● Data records:

>>>

(* Let $A$ and $G$ be cubic graphs. Then every graph $G\circ A^-$ has girth at least the girth $g(A)$ of $A$.
   Context: Let $G$ and $A$ be $3$-regular (simple) graphs, let $a$ be a vertex of $A$ and $A^-=A-a$. A graph $G\circ A^-$ is any graph obtained by replacing each vertex $v$ of $G$ by a copy $A^-_v$ of $A^-$ and, for each edge $uv$ of $G$, adding an edge joining a vertex of degree $2$ of $A^-_u$ to a vertex of degree $2$ of $A^-_v$, so that each degree-$2$ vertex of each copy is incident with exactly one added edge (the choices of $a$ and of these edges are arbitrary). *)

theory Defs
  imports Main "HOL-Library.Extended_Nat"
begin

definition simple_graph :: "'a set \<Rightarrow> ('a \<Rightarrow> 'a \<Rightarrow> bool) \<Rightarrow> bool" where
  "simple_graph V E \<longleftrightarrow> finite V \<and> (\<forall>x y. E x y \<longrightarrow> x \<in> V \<and> y \<in> V)
     \<and> (\<forall>x y. E x y \<longrightarrow> E y x) \<and> (\<forall>x. \<not> E x x)"

definition degree :: "'a set \<Rightarrow> ('a \<Rightarrow> 'a \<Rightarrow> bool) \<Rightarrow> 'a \<Rightarrow> nat" where
  "degree V E x = card {y \<in> V. E x y}"

definition cubic :: "'a set \<Rightarrow> ('a \<Rightarrow> 'a \<Rightarrow> bool) \<Rightarrow> bool" where
  "cubic V E \<longleftrightarrow> simple_graph V E \<and> (\<forall>x\<in>V. degree V E x = 3)"

definition is_cycle :: "'a set \<Rightarrow> ('a \<Rightarrow> 'a \<Rightarrow> bool) \<Rightarrow> 'a list \<Rightarrow> bool" where
  "is_cycle V E cs \<longleftrightarrow> 3 \<le> length cs \<and> distinct cs \<and> set cs \<subseteq> V
     \<and> (\<forall>i < length cs. E (cs ! i) (cs ! ((i + 1) mod length cs)))"

text \<open>Girth: length of a shortest cycle (infinity if there is none).\<close>
definition girth :: "'a set \<Rightarrow> ('a \<Rightarrow> 'a \<Rightarrow> bool) \<Rightarrow> enat" where
  "girth V E = (INF cs \<in> {cs. is_cycle V E cs}. enat (length cs))"

text \<open>The construction G o A^-: the vertex set is VG \<times> (VA - {a}), vertex (v,x) being
  the copy of x in A^-_v. F is the relation of added edges.\<close>
definition circ_matching ::
  "'a set \<Rightarrow> ('a \<Rightarrow> 'a \<Rightarrow> bool) \<Rightarrow> 'b set \<Rightarrow> ('b \<Rightarrow> 'b \<Rightarrow> bool) \<Rightarrow> 'b
    \<Rightarrow> ('a \<times> 'b \<Rightarrow> 'a \<times> 'b \<Rightarrow> bool) \<Rightarrow> bool" where
  "circ_matching VG EG VA EA a F \<longleftrightarrow>
     (\<forall>p q. F p q \<longrightarrow> F q p)
   \<and> (\<forall>u x v y. F (u, x) (v, y) \<longrightarrow>
        EG u v \<and> x \<in> VA - {a} \<and> y \<in> VA - {a}
        \<and> degree (VA - {a}) EA x = 2 \<and> degree (VA - {a}) EA y = 2)
   \<and> (\<forall>u v. EG u v \<longrightarrow> (\<exists>!xy. F (u, fst xy) (v, snd xy)))
   \<and> (\<forall>u\<in>VG. \<forall>x\<in>VA - {a}. degree (VA - {a}) EA x = 2 \<longrightarrow> (\<exists>!q. F (u, x) q))"

definition circ_edges ::
  "('b \<Rightarrow> 'b \<Rightarrow> bool) \<Rightarrow> ('a \<times> 'b \<Rightarrow> 'a \<times> 'b \<Rightarrow> bool) \<Rightarrow> 'a \<times> 'b \<Rightarrow> 'a \<times> 'b \<Rightarrow> bool" where
  "circ_edges EA F p q \<longleftrightarrow> (fst p = fst q \<and> EA (snd p) (snd q)) \<or> F p q"

end

theory Submission
  imports Defs
begin

text \<open>A cycle of \<open>G \<circ> A\<^sup>-\<close> that stays inside one copy \<open>A\<^sup>-\<^sub>v\<close> is a cycle of \<open>A\<close>.
  Otherwise take a maximal run \<open>x\<^sub>1, \<dots>, x\<^sub>k\<close> of the cycle inside one copy. Its ends are
  incident with added edges, so they have degree 2 in \<open>A - a\<close> and are therefore neighbours
  of \<open>a\<close> in the cubic graph \<open>A\<close>; since every vertex carries only one added edge, \<open>k \<ge> 2\<close>.
  Closing the run through \<open>a\<close> gives a cycle \<open>a, x\<^sub>1, \<dots>, x\<^sub>k\<close> of \<open>A\<close>, which is no longer
  than the original cycle because that one also visits another copy.\<close>

lemma is_cycle_iff_successively:
  "is_cycle V E cs \<longleftrightarrow> 3 \<le> length cs \<and> distinct cs \<and> set cs \<subseteq> V
     \<and> successively E cs \<and> E (last cs) (hd cs)"
proof (cases "cs = []")
  case False
  let ?n = "length cs"
  have "(\<forall>i < ?n. E (cs ! i) (cs ! ((i + 1) mod ?n)))
      \<longleftrightarrow> (\<forall>i. Suc i < ?n \<longrightarrow> E (cs ! i) (cs ! Suc i)) \<and> E (cs ! (?n - 1)) (cs ! 0)"
    (is "?L \<longleftrightarrow> ?R")
  proof
    assume L: ?L
    have "E (cs ! i) (cs ! Suc i)" if "Suc i < ?n" for i
      using L[rule_format, of i] that by simp
    moreover have "E (cs ! (?n - 1)) (cs ! 0)"
      using L[rule_format, of "?n - 1"] False by simp
    ultimately show ?R by blast
  next
    assume R: ?R
    show ?L
    proof (intro allI impI)
      fix i assume "i < ?n"
      then consider "Suc i < ?n" | "i = ?n - 1" by linarith
      then show "E (cs ! i) (cs ! ((i + 1) mod ?n))"
        by cases (use R False in auto)
    qed
  qed
  then show ?thesis
    using False by (simp add: is_cycle_def successively_conv_nth hd_conv_nth last_conv_nth)
qed (simp add: is_cycle_def)

lemma is_cycle_append_swap:
  assumes "is_cycle V E (xs @ ys)"
  shows "is_cycle V E (ys @ xs)"
proof (cases "xs = [] \<or> ys = []")
  case False
  then show ?thesis
    using assms by (auto simp: is_cycle_iff_successively successively_append_iff)
qed (use assms in auto)

lemma is_cycle_Cons_path:
  assumes "2 \<le> length xs" "distinct xs" "set xs \<subseteq> V" "a \<in> V" "a \<notin> set xs"
    and "successively E xs" "E a (hd xs)" "E (last xs) a"
  shows "is_cycle V E (a # xs)"
  using assms by (auto simp: is_cycle_iff_successively successively_Cons)

lemma girth_le_girthI:
  assumes "\<And>cs. is_cycle V' E' cs \<Longrightarrow> \<exists>ds. is_cycle V E ds \<and> length ds \<le> length cs"
  shows "girth V E \<le> girth V' E'"
  unfolding girth_def
proof (rule INF_greatest)
  fix cs assume "cs \<in> {cs. is_cycle V' E' cs}"
  then obtain ds where "is_cycle V E ds" "length ds \<le> length cs"
    using assms by blast
  then show "(INF ds \<in> {ds. is_cycle V E ds}. enat (length ds)) \<le> enat (length cs)"
    by (intro INF_lower2[of ds]) simp_all
qed

lemma split_at_first_change:
  assumes "\<exists>p\<in>set cs. f p \<noteq> f (hd cs)"
  obtains xs ys where "cs = xs @ ys" "xs \<noteq> []" "ys \<noteq> []"
    "\<forall>p\<in>set xs. f p = f (hd cs)" "f (hd ys) \<noteq> f (hd cs)"
proof
  let ?P = "\<lambda>p. f p = f (hd cs)"
  show "cs = takeWhile ?P cs @ dropWhile ?P cs" by simp
  show "takeWhile ?P cs \<noteq> []" using assms by (cases cs) auto
  show "dropWhile ?P cs \<noteq> []" using assms by simp
  then show "f (hd (dropWhile ?P cs)) \<noteq> f (hd cs)" using hd_dropWhile[of ?P cs] by simp
  show "\<forall>p\<in>set (takeWhile ?P cs). f p = f (hd cs)" by (auto dest: set_takeWhileD)
qed

lemma inj_on_snd_if_fst_const: "\<forall>p\<in>S. fst p = u \<Longrightarrow> inj_on snd S"
  by (intro inj_onI) (simp add: prod_eq_iff)

locale circ_construction =
  fixes VG :: "'a set" and EG :: "'a \<Rightarrow> 'a \<Rightarrow> bool"
    and VA :: "'b set" and EA :: "'b \<Rightarrow> 'b \<Rightarrow> bool" and a :: 'b
    and F :: "'a \<times> 'b \<Rightarrow> 'a \<times> 'b \<Rightarrow> bool"
  assumes G: "simple_graph VG EG" and A: "cubic VA EA" and root: "a \<in> VA"
    and M: "circ_matching VG EG VA EA a F"
begin

lemma EA_sym: "EA x y \<Longrightarrow> EA y x"
  using A unfolding cubic_def simple_graph_def by blast

lemma F_sym: "F p q \<Longrightarrow> F q p"
  using M unfolding circ_matching_def by blast

lemma F_endpoint:
  assumes "F p q"
  shows "fst p \<in> VG" "fst p \<noteq> fst q" "snd p \<in> VA - {a}" "degree (VA - {a}) EA (snd p) = 2"
  using assms M G unfolding circ_matching_def simple_graph_def
  by (metis prod.collapse)+

lemma F_partner_unique:
  assumes "F p q" "F p q'"
  shows "q = q'"
proof -
  have "\<exists>!q. F p q"
    using M F_endpoint[OF assms(1)] unfolding circ_matching_def by (metis prod.collapse)
  with assms show ?thesis by blast
qed

lemma F_endpoint_adj_root:
  assumes "F p q"
  shows "EA (snd p) a"
proof (rule ccontr)
  assume "\<not> EA (snd p) a"
  then have "{y \<in> VA. EA (snd p) y} = {y \<in> VA - {a}. EA (snd p) y}" by auto
  then have "degree VA EA (snd p) = 2"
    using F_endpoint(4)[OF assms] unfolding degree_def by simp
  moreover have "degree VA EA (snd p) = 3"
    using A F_endpoint(3)[OF assms] unfolding cubic_def by auto
  ultimately show False by simp
qed

lemma circ_edges_same_copy:
  assumes "circ_edges EA F p q" "fst p = fst q"
  shows "EA (snd p) (snd q)"
  using assms F_endpoint(2) unfolding circ_edges_def by blast

abbreviation VC where "VC \<equiv> VG \<times> (VA - {a})"
abbreviation EC where "EC \<equiv> circ_edges EA F"

lemma path_in_copy:
  assumes "successively EC xs" and "\<forall>p\<in>set xs. fst p = u"
  shows "successively EA (map snd xs)"
  unfolding successively_map
  using assms(1) by (rule successively_mono) (use assms(2) circ_edges_same_copy in auto)

lemma cycle_in_copy:
  assumes cyc: "is_cycle VC EC cs" and copy: "\<forall>p\<in>set cs. fst p = u"
  shows "is_cycle VA EA (map snd cs)"
proof -
  have ne: "cs \<noteq> []" using cyc by (auto simp: is_cycle_def)
  have "inj_on snd (set cs)" using copy by (rule inj_on_snd_if_fst_const)
  moreover have "successively EA (map snd cs)"
    using cyc copy by (intro path_in_copy[where u = u]) (simp_all add: is_cycle_iff_successively)
  moreover have "EA (snd (last cs)) (snd (hd cs))"
  proof (rule circ_edges_same_copy)
    show "fst (last cs) = fst (hd cs)" using copy ne by simp
    show "EC (last cs) (hd cs)" using cyc by (simp add: is_cycle_iff_successively)
  qed
  ultimately show ?thesis
    using cyc ne by (auto simp: is_cycle_iff_successively distinct_map last_map hd_map)
qed

lemma cycle_leaving_copy:
  assumes cyc: "is_cycle VC EC cs" and cross: "fst (last cs) \<noteq> fst (hd cs)"
  shows "\<exists>ds. is_cycle VA EA ds \<and> length ds \<le> length cs"
proof -
  have "cs \<noteq> []" using cyc by (auto simp: is_cycle_def)
  then have "\<exists>p\<in>set cs. fst p \<noteq> fst (hd cs)" using cross last_in_set by blast
  then obtain xs ys where cs: "cs = xs @ ys" and "xs \<noteq> []" "ys \<noteq> []"
    and copy: "\<forall>p\<in>set xs. fst p = fst (hd cs)" and hd_ys: "fst (hd ys) \<noteq> fst (hd cs)"
    by (rule split_at_first_change)
  have hd_xs: "hd xs = hd cs" and last_ys: "last ys = last cs"
    using cs \<open>xs \<noteq> []\<close> \<open>ys \<noteq> []\<close> by simp_all
  have last_xs: "fst (last xs) = fst (hd cs)" using copy last_in_set[OF \<open>xs \<noteq> []\<close>] by blast
  have "3 \<le> length cs" "distinct cs" "set cs \<subseteq> VC" "successively EC cs" "EC (last cs) (hd cs)"
    using cyc by (simp_all add: is_cycle_iff_successively)
  then have "successively EC (xs @ ys)" using cs by simp
  then have path: "successively EC xs" and "EC (last xs) (hd ys)"
    using \<open>xs \<noteq> []\<close> \<open>ys \<noteq> []\<close> by (simp_all add: successively_append_iff)
  then have F_last: "F (last xs) (hd ys)"
    using last_xs hd_ys unfolding circ_edges_def by auto
  have "F (last cs) (hd cs)"
    using \<open>EC (last cs) (hd cs)\<close> cross unfolding circ_edges_def by blast
  then have F_hd: "F (hd xs) (last ys)" using F_sym hd_xs last_ys by metis
  have "2 \<le> length xs"
  proof (rule ccontr)
    assume "\<not> 2 \<le> length xs"
    with \<open>xs \<noteq> []\<close> have "hd xs = last xs" by (simp add: hd_conv_nth last_conv_nth)
    then have "F (last xs) (last ys)" using F_hd by simp
    with F_last have "hd ys = last ys" by (rule F_partner_unique)
    moreover have "distinct ys" using \<open>distinct cs\<close> by (simp add: cs)
    ultimately have "length ys \<le> 1"
      using \<open>ys \<noteq> []\<close> by (simp add: hd_conv_nth last_conv_nth nth_eq_iff_index_eq)
    then show False using cs \<open>3 \<le> length cs\<close> \<open>\<not> 2 \<le> length xs\<close> by simp
  qed
  have "is_cycle VA EA (a # map snd xs)"
  proof (rule is_cycle_Cons_path)
    show "2 \<le> length (map snd xs)" using \<open>2 \<le> length xs\<close> by simp
    show "distinct (map snd xs)"
      using \<open>distinct cs\<close> cs inj_on_snd_if_fst_const[OF copy] by (simp add: distinct_map)
    have "set xs \<subseteq> VC" using \<open>set cs \<subseteq> VC\<close> cs by auto
    then show "set (map snd xs) \<subseteq> VA" and "a \<notin> set (map snd xs)" by auto
    show "a \<in> VA" using root .
    show "successively EA (map snd xs)" using path copy by (rule path_in_copy)
    show "EA a (hd (map snd xs))"
      using F_endpoint_adj_root[OF F_hd] EA_sym \<open>xs \<noteq> []\<close> by (simp add: hd_map)
    show "EA (last (map snd xs)) a"
      using F_endpoint_adj_root[OF F_last] \<open>xs \<noteq> []\<close> by (simp add: last_map)
  qed
  moreover have "length (a # map snd xs) \<le> length cs"
    using cs \<open>ys \<noteq> []\<close> by (simp add: Suc_le_eq)
  ultimately show ?thesis by blast
qed

lemma ex_cycle_not_longer:
  assumes cyc: "is_cycle VC EC cs"
  shows "\<exists>ds. is_cycle VA EA ds \<and> length ds \<le> length cs"
proof (cases "\<forall>p\<in>set cs. fst p = fst (hd cs)")
  case True
  then show ?thesis using cycle_in_copy[OF cyc] by fastforce
next
  case False
  then have "\<exists>p\<in>set cs. fst p \<noteq> fst (hd cs)" by blast
  then obtain xs ys where cs: "cs = xs @ ys" and "xs \<noteq> []" "ys \<noteq> []"
    and copy: "\<forall>p\<in>set xs. fst p = fst (hd cs)" and hd_ys: "fst (hd ys) \<noteq> fst (hd cs)"
    by (rule split_at_first_change)
  have "fst (last xs) = fst (hd cs)" using copy last_in_set[OF \<open>xs \<noteq> []\<close>] by blast
  then have "fst (last (ys @ xs)) \<noteq> fst (hd (ys @ xs))"
    using hd_ys \<open>xs \<noteq> []\<close> \<open>ys \<noteq> []\<close> by simp
  moreover have "is_cycle VC EC (ys @ xs)"
    using cyc is_cycle_append_swap by (simp add: cs)
  ultimately have "\<exists>ds. is_cycle VA EA ds \<and> length ds \<le> length (ys @ xs)"
    by (rule cycle_leaving_copy[rotated])
  then show ?thesis by (simp add: cs add.commute)
qed

end

theorem proposition5p17:
  fixes VG :: "'a set" and EG :: "'a \<Rightarrow> 'a \<Rightarrow> bool"
    and VA :: "'b set" and EA :: "'b \<Rightarrow> 'b \<Rightarrow> bool" and a :: 'b
    and F :: "'a \<times> 'b \<Rightarrow> 'a \<times> 'b \<Rightarrow> bool"
  assumes "cubic VG EG" and "cubic VA EA" and "a \<in> VA"
    and "circ_matching VG EG VA EA a F"
  shows "girth VA EA \<le> girth (VG \<times> (VA - {a})) (circ_edges EA F)"
proof -
  interpret circ_construction VG EG VA EA a F
    using assms by unfold_locales (simp_all add: cubic_def)
  show ?thesis by (rule girth_le_girthI) (rule ex_cycle_not_longer)
qed

end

<<<

● Work task: Every line above from the line with "assume R: ?R" to the line with "using False by" is wanted, ends included; write them out exactly and add no other line.

● Exercise result:
    assume R: ?R
    show ?L
    proof (intro allI impI)
      fix i assume "i < ?n"
      then consider "Suc i < ?n" | "i = ?n - 1" by linarith
      then show "E (cs ! i) (cs ! ((i + 1) mod ?n))"
        by cases (use R False in auto)
    qed
  qed
  then show ?thesis
    using False by (simp add: is_cycle_def successively_conv_nth hd_conv_nth last_conv_nth)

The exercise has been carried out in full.